The telomere profile distinguishes two classes of genetically distinct cutaneous squamous cell carcinomas.

Author information

1
Division of Genetics of Skin Carcinogenesis, German Cancer Research Center, Heidelberg, Germany.
2
Institute of Human Genetics, University of Heidelberg, Heidelberg, Germany.
3
1] Division of Genetics of Skin Carcinogenesis, German Cancer Research Center, Heidelberg, Germany [2] Institute of Human Genetics, University of Heidelberg, Heidelberg, Germany.
4
Department of Dermatology, University of Würzburg, Würzburg, Germany.
5
Department of Dermatology, University of Köln, Würzburg, Germany.
6
Skin Cancer Unit, German Cancer Research Center Heidelberg and Department of Dermatology, Venereology and Allergology, University Medical Center Mannheim, Ruprecht-Karl University of Heidelberg, Mannheim, Germany.
7
Department of Dermatology, University of Heidelberg, Heidelberg, Germany.
8
UK Cancer Research UK Skin Tumour Laboratory, Blizard Institute, Barts and the London School of Medicine and Dentistry, Queen Mary University of London, UK.

Abstract

The incidence of skin cancer is increasing worldwide and cutaneous squamous cell carcinomas (SCCs) are associated with considerable morbidity and mortality, particularly in immunosuppressed individuals ('carcinomatous catastrophy'). Yet, molecular mechanisms are still insufficiently understood. Besides ultraviolet (UV)-indicative mutations, chromosomal aberrations are prominent. As telomeres are essential in preserving chromosome integrity, and telomere erosion as well as aberrant spatial telomere distribution contribute to genomic instability, we first established telomere length profiles across the whole tissue and identified normal skin (10/30) harboring discrete epidermal sites (stem cell territories) of evenly short telomeres. Precancerous actinic keratoses (AKs) (17) and SCCs (27) expressed two telomere phenotypes: (i) tissue-wide evenly short to intermediate and (ii) longer and tissue-wide heterogeneous telomere lengths, suggesting two modes of initiation, with one likely to originate in the epidermal stem cells. Although tumor histotype, location, patient gender or age failed to distinguish the two SCC telomere phenotypes, as did telomerase activity, we found a trend for a higher degree of aberrant p53 and cyclin D1 expression with long/heterogeneous telomeres.
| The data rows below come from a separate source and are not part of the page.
(* Let $M,N$ be weights of $\mathbb{R}^m,\mathbb{R}^n$, and let $A\in\mathbb{R}^{m\times n}$ with $MA=AN$ (i.e. $I\circ A=A\circ I$) and $\mathcal{R}(A\circ I)$ closed. Let $K\subseteq\mathbb{R}^n$ be a closed cone with $A^{[\dagger]}\circ A\circ K\subseteq K$. Put $$C=A\circ I\circ K,\qquad D=(A^{[\dagger]})^{[*]}\circ I\circ K^{[*]}.$$ Then the following are equivalent: (i) $D$ is acute; (ii) $(A^{[*]}\circ A)^{[\dagger]}\circ K^{[*]}\subseteq K+\mathcal{N}(A\circ I)$; (iii) $C$ is obtuse.
   Context: A weight is a real symmetric matrix $W$ with $W^2=I$. $\mathbb{R}^m$ and $\mathbb{R}^n$ carry weights $M\in\mathbb{R}^{m\times m}$ and $N\in\mathbb{R}^{n\times n}$, respectively. The indefinite inner product on the space with weight $W$ is $[x,y]=\langle x,Wy\rangle$. Indefinite matrix product: if $B$ has $p$ columns and $C'$ has $p$ rows (or is a vector in $\mathbb{R}^p$), $p\in\{m,n\}$, and $W$ is the weight of $\mathbb{R}^p$, then $B\circ C':=BWC'$. $I$ denotes an identity matrix of the appropriate size. Indefinite adjoint of $B\in\mathbb{R}^{p\times q}$: $B^{[*]}:=W_qB^TW_p$, where $W_p,W_q$ are the weights of $\mathbb{R}^p,\mathbb{R}^q$. Indefinite Moore–Penrose inverse: for $B\in\mathbb{R}^{p\times q}$, $B^{[\dagger]}$ is the unique $X\in\mathbb{R}^{q\times p}$ such that - $B\circ X\circ B=B$, - $X\circ B\circ X=X$, - $(B\circ X)^{[*]}=B\circ X$, - $(X\circ B)^{[*]}=X\circ B$. It equals $W_qB^\dagger W_p$. Range and null space: for a matrix $B$ with $q$ columns, $\mathcal{R}(B)=\{B\circ x:x\in\mathbb{R}^q\}$ and $\mathcal{N}(B)=\{x\in\mathbb{R}^q:B\circ x=0\}$. A cone is a nonempty set closed under addition and under multiplication by nonnegative scalars. For $S$ a subset of $\mathbb{R}^p$ with weight $W$, the dual is $S^{[*]}=\{x\in\mathbb{R}^p:[x,t]\ge0\ \forall t\in S\}$. For a matrix $B$ and a set $S$, $B\circ S=\{B\circ s:s\in S\}$. The sum of sets is the Minkowski sum. A cone $L$ is acute if $[x,y]\ge0$ for all $x,y\in L$, equivalently $L\subseteq L^{[*]}$. The cone $C=A\circ I\circ K$ is called obtuse if $(A\circ I\circ K)^{[*]}\cap\mathcal{R}(A\circ I)$ is acute. *)

theory Defs
  imports "HOL-Analysis.Analysis"
begin

text \<open>Matrices are HOL-Analysis matrices; a matrix in R^(p x q) has type real^'q^'p.
  Since the weight of R^p is determined by the space (not by the type index),
  every indefinite operation takes the relevant weight(s) explicitly.\<close>

definition weight :: "real^'p^'p \<Rightarrow> bool" where
  "weight W \<longleftrightarrow> transpose W = W \<and> W ** W = mat 1"

definition iprod :: "real^'p^'p \<Rightarrow> real^'p^'r \<Rightarrow> real^'s^'p \<Rightarrow> real^'s^'r" where
  "iprod W B C = B ** W ** C"

definition iprodv :: "real^'p^'p \<Rightarrow> real^'p^'r \<Rightarrow> real^'p \<Rightarrow> real^'r" where
  "iprodv W B x = B *v (W *v x)"

definition iinner :: "real^'p^'p \<Rightarrow> real^'p \<Rightarrow> real^'p \<Rightarrow> real" where
  "iinner W x y = x \<bullet> (W *v y)"

definition iadj :: "real^'p^'p \<Rightarrow> real^'q^'q \<Rightarrow> real^'q^'p \<Rightarrow> real^'p^'q" where
  "iadj Wp Wq B = Wq ** transpose B ** Wp"

definition impinv :: "real^'p^'p \<Rightarrow> real^'q^'q \<Rightarrow> real^'q^'p \<Rightarrow> real^'p^'q" where
  "impinv Wp Wq B = (THE X.
      iprod Wp (iprod Wq B X) B = B \<and>
      iprod Wq (iprod Wp X B) X = X \<and>
      iadj Wp Wp (iprod Wq B X) = iprod Wq B X \<and>
      iadj Wq Wq (iprod Wp X B) = iprod Wp X B)"

definition irange :: "real^'q^'q \<Rightarrow> real^'q^'p \<Rightarrow> (real^'p) set" where
  "irange W B = {iprodv W B x | x. True}"

definition inull :: "real^'q^'q \<Rightarrow> real^'q^'p \<Rightarrow> (real^'q) set" where
  "inull W B = {x. iprodv W B x = 0}"

definition icone :: "(real^'p) set \<Rightarrow> bool" where
  "icone S \<longleftrightarrow> S \<noteq> {} \<and> (\<forall>x\<in>S. \<forall>y\<in>S. x + y \<in> S) \<and> (\<forall>c\<ge>0. \<forall>x\<in>S. c *\<^sub>R x \<in> S)"

definition idual :: "real^'p^'p \<Rightarrow> (real^'p) set \<Rightarrow> (real^'p) set" where
  "idual W S = {x. \<forall>t\<in>S. iinner W x t \<ge> 0}"

definition iimage :: "real^'q^'q \<Rightarrow> real^'q^'p \<Rightarrow> (real^'q) set \<Rightarrow> (real^'p) set" where
  "iimage W B S = (\<lambda>s. iprodv W B s) ` S"

definition msum :: "('a::plus) set \<Rightarrow> 'a set \<Rightarrow> 'a set" where
  "msum S T = {s + t | s t. s \<in> S \<and> t \<in> T}"

definition acute :: "real^'p^'p \<Rightarrow> (real^'p) set \<Rightarrow> bool" where
  "acute W L \<longleftrightarrow> (\<forall>x\<in>L. \<forall>y\<in>L. iinner W x y \<ge> 0)"

text \<open>C = A o I o K is obtuse iff (A o I o K)^[*] \<inter> R(A o I) is acute (all in R^m with weight M).\<close>
definition obtuse :: "real^'m^'m \<Rightarrow> real^'n^'n \<Rightarrow> real^'n^'m \<Rightarrow> (real^'n) set \<Rightarrow> bool" where
  "obtuse M N A K \<longleftrightarrow>
     acute M (idual M (iimage N (iprod N A (mat 1)) K) \<inter> irange N (iprod N A (mat 1)))"

end

theory Submission
  imports Defs
begin

text \<open>
  Since the weights are symmetric involutions, every indefinite notion reduces to a Euclidean
  one. With \<open>B\<close> the ordinary Moore--Penrose inverse of \<open>A\<close> one has \<open>A^[\<dagger>] = N B M\<close>,
  \<open>(A^[\<dagger>])^[*] = B^T\<close> and \<open>(A^[*] \<circ> A)^[\<dagger>] \<circ> I = G\<close> where \<open>G = B B^T\<close>; moreover \<open>MA = AN\<close>
  gives \<open>BM = NB\<close>. Let \<open>K'\<close> be the dual cone of \<open>K\<close>.

  Since \<open>[B^T u, B^T v] = [u, G v]\<close>, the cone \<open>D = B^T K'\<close> is acute iff \<open>G K' \<subseteq> K'' = K\<close>, the
  bidual being \<open>K\<close> by separation for the closed convex cone \<open>K\<close>. The projection \<open>BA\<close> is the
  identity on the range of \<open>B\<close>, which contains \<open>G K'\<close>, kills the null space of \<open>A\<close> and maps
  \<open>K\<close> into \<open>K\<close>; so \<open>G K' \<subseteq> K + \<N>(A)\<close> iff \<open>G K' \<subseteq> K\<close>. Finally \<open>C^[*] \<inter> \<R>(A)\<close> equals \<open>D\<close>:
  \<open>A w \<in> C^[*]\<close> iff \<open>A^T A w \<in> K'\<close>, and \<open>A w = B^T (A^T A w)\<close>; conversely \<open>B^T u = A (G u)\<close> with
  \<open>A^T A G u = BA u \<in> K'\<close>, as \<open>BA\<close> is self-adjoint for \<open>[\<cdot>,\<cdot>]\<close> and maps \<open>K\<close> into \<open>K\<close>.
\<close>

lemma inner_matrix_vector_transpose:
  fixes A :: "real^'n^'m"
  shows "(A *v x) \<bullet> y = x \<bullet> (transpose A *v y)"
  by (metis dot_lmul_matrix inner_commute transpose_matrix_vector)

lemma symmetric_matrixI:
  fixes S :: "real^'n^'n"
  assumes "\<And>x y. (S *v x) \<bullet> y = x \<bullet> (S *v y)"
  shows "transpose S = S"
proof -
  have "transpose S *v y = S *v y" for y
  proof -
    have "x \<bullet> (transpose S *v y - S *v y) = 0" for x
      using assms[of x y] inner_matrix_vector_transpose[of S x y] by (simp add: inner_diff_right)
    then show ?thesis by (metis eq_iff_diff_eq_0 inner_eq_zero_iff)
  qed
  then show ?thesis by (simp add: matrix_eq)
qed

lemma subspace_range_matrix_vector: "subspace (range (\<lambda>x. (A::real^_^_) *v x))"
  by (simp add: linear_subspace_image)

definition is_pinv :: "real^'q^'p \<Rightarrow> real^'p^'q \<Rightarrow> bool" where
  "is_pinv B X \<longleftrightarrow> B ** X ** B = B \<and> X ** B ** X = X
     \<and> transpose (B ** X) = B ** X \<and> transpose (X ** B) = X ** B"

lemma is_pinvD:
  assumes "is_pinv A B"
  shows "A ** B ** A = A" "B ** A ** B = B"
    "transpose B ** transpose A = A ** B" "transpose A ** transpose B = B ** A"
    "X1 ** A ** B ** A = X1 ** A" "X2 ** B ** A ** B = X2 ** B"
    "X3 ** transpose B ** transpose A = X3 ** A ** B"
    "X4 ** transpose A ** transpose B = X4 ** B ** A"
  using assms unfolding is_pinv_def
  by (auto simp: matrix_transpose_mul matrix_mul_assoc[symmetric])

lemma is_pinv_unique:
  assumes X: "is_pinv B X" and Y: "is_pinv B Y"
  shows "X = Y"
proof -
  note x = is_pinvD[OF X] and y = is_pinvD[OF Y]
  have BX: "B ** X = B ** Y"
  proof -
    have "B ** X = transpose (B ** X)" using X by (simp add: is_pinv_def)
    also have "\<dots> = transpose ((B ** Y) ** (B ** X))" using y(1) by (simp add: matrix_mul_assoc)
    also have "\<dots> = (B ** X) ** (B ** Y)" using X Y by (simp add: is_pinv_def matrix_transpose_mul)
    also have "\<dots> = B ** Y" using x(1) by (simp add: matrix_mul_assoc)
    finally show ?thesis .
  qed
  have XB: "X ** B = Y ** B"
  proof -
    have "X ** B = transpose (X ** B)" using X by (simp add: is_pinv_def)
    also have "\<dots> = transpose (X ** (B ** Y ** B))" using y(1) by simp
    also have "\<dots> = transpose ((X ** B) ** (Y ** B))" by (simp add: matrix_mul_assoc)
    also have "\<dots> = (Y ** B) ** (X ** B)" using X Y by (simp add: is_pinv_def matrix_transpose_mul)
    also have "\<dots> = Y ** (B ** X ** B)" by (simp add: matrix_mul_assoc)
    also have "\<dots> = Y ** B" using x(1) by simp
    finally show ?thesis .
  qed
  have "X = (X ** B) ** X" using x(2) by (simp add: matrix_mul_assoc)
  also have "\<dots> = Y ** (B ** Y)" using BX XB by (metis matrix_mul_assoc)
  also have "\<dots> = Y" using y(2) by (simp add: matrix_mul_assoc)
  finally show ?thesis .
qed

text \<open>
  The minimum-norm least-squares solution of \<open>A x = y\<close> is linear in \<open>y\<close>, and its matrix
  satisfies the Penrose equations; this is how the Moore--Penrose inverse is shown to exist.
\<close>

definition min_norm_lsq :: "real^'n^'m \<Rightarrow> real^'m \<Rightarrow> real^'n" where
  "min_norm_lsq A y = (SOME x. x \<in> range (\<lambda>z. transpose A *v z)
                          \<and> (\<forall>w. (A *v x - y) \<bullet> (A *v w) = 0))"

lemma min_norm_lsq_exists:
  fixes A :: "real^'n^'m"
  shows "\<exists>x. x \<in> range (\<lambda>z. transpose A *v z) \<and> (\<forall>w. (A *v x - y) \<bullet> (A *v w) = 0)"
proof -
  obtain y1 z where y1: "y1 \<in> span (range (\<lambda>w. A *v w))"
    and z: "\<And>w. w \<in> span (range (\<lambda>w. A *v w)) \<Longrightarrow> orthogonal z w" and yz: "y = y1 + z"
    using orthogonal_subspace_decomp_exists by blast
  have "y1 \<in> range (\<lambda>w. A *v w)" using y1 span_eq_iff subspace_range_matrix_vector by blast
  then obtain x' where x': "y1 = A *v x'" by auto
  obtain x z' where x: "x \<in> span (range (\<lambda>z. transpose A *v z))"
    and z': "\<And>w. w \<in> span (range (\<lambda>z. transpose A *v z)) \<Longrightarrow> orthogonal z' w"
    and xz: "x' = x + z'"
    using orthogonal_subspace_decomp_exists by blast
  have "orthogonal z' (transpose A *v (A *v z'))" using z' span_base by blast
  then have "(A *v z') \<bullet> (A *v z') = 0"
    by (simp add: inner_matrix_vector_transpose orthogonal_def)
  then have "A *v z' = 0" by simp
  then have Ax: "A *v x = y1" using x' xz by (simp add: matrix_vector_right_distrib)
  have "(A *v x - y) \<bullet> (A *v w) = 0" for w
  proof -
    have "orthogonal z (A *v w)" using z span_base by blast
    then show ?thesis using Ax yz by (simp add: orthogonal_def)
  qed
  moreover have "x \<in> range (\<lambda>z. transpose A *v z)"
    using x span_eq_iff subspace_range_matrix_vector by blast
  ultimately show ?thesis by blast
qed

lemma min_norm_lsq_unique:
  fixes A :: "real^'n^'m"
  assumes "x1 \<in> range (\<lambda>z. transpose A *v z)" "\<forall>w. (A *v x1 - y) \<bullet> (A *v w) = 0"
    and "x2 \<in> range (\<lambda>z. transpose A *v z)" "\<forall>w. (A *v x2 - y) \<bullet> (A *v w) = 0"
  shows "x1 = x2"
proof -
  obtain z1 z2 where z: "x1 = transpose A *v z1" "x2 = transpose A *v z2" using assms by auto
  define d where "d = x1 - x2"
  have dz: "d = transpose A *v (z1 - z2)"
    using z by (simp add: d_def matrix_vector_mult_diff_distrib)
  have "(A *v d) \<bullet> (A *v w) = (A *v x1 - y) \<bullet> (A *v w) - (A *v x2 - y) \<bullet> (A *v w)" for w
    by (simp add: d_def matrix_vector_mult_diff_distrib inner_diff_left)
  then have "(A *v d) \<bullet> (A *v d) = 0" using assms by simp
  then have Ad: "A *v d = 0" by simp
  have "d \<bullet> d = (z1 - z2) \<bullet> (A *v d)"
    using dz inner_matrix_vector_transpose[of "transpose A" "z1 - z2" d] by simp
  then have "d = 0" using Ad by simp
  then show ?thesis by (simp add: d_def)
qed

lemma min_norm_lsq:
  "min_norm_lsq A y \<in> range (\<lambda>z. transpose A *v z)
   \<and> (\<forall>w. (A *v min_norm_lsq A y - y) \<bullet> (A *v w) = 0)"
  unfolding min_norm_lsq_def by (rule someI_ex, rule min_norm_lsq_exists)

lemma min_norm_lsq_eqI:
  assumes "x \<in> range (\<lambda>z. transpose A *v z)" "\<forall>w. (A *v x - y) \<bullet> (A *v w) = 0"
  shows "min_norm_lsq A y = x"
  using min_norm_lsq_unique[OF _ _ assms] min_norm_lsq by blast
In addition, we established an association for the short/homogeneous telomeres with a simpler and the heterogeneous telomeres with a more complex karyotype correlating also with distinct chromosomal changes. SCCs (13) from renal transplant recipients displayed the same telomere dichotomy, suggesting that both telomere subtypes contribute to 'carcinomatous catastrophy' under immunosuppression by selecting for a common set (3, 9p and 17q) and subtype-specific aberrations (e.g., 6p gain, 13q loss). As a second mechanism of telomere-dependent genomic instability, we investigated changes in telomere distribution with its most severe form of telomeric aggregates (TAs). We identified a telomere length-independent but progression-dependent increase in cells with small telomere associations in AKs (17/17) and additional TAs in SCCs (24/32), basal cell carcinomas (30/31) and malignant melanomas (15/15), and provide evidence for a reactive oxygen species-dependent mechanism in this UV-induced telomere organization-dependent genomic instability.

PMID:
23955078
DOI:
10.1038/onc.2013.323
[Indexed for MEDLINE]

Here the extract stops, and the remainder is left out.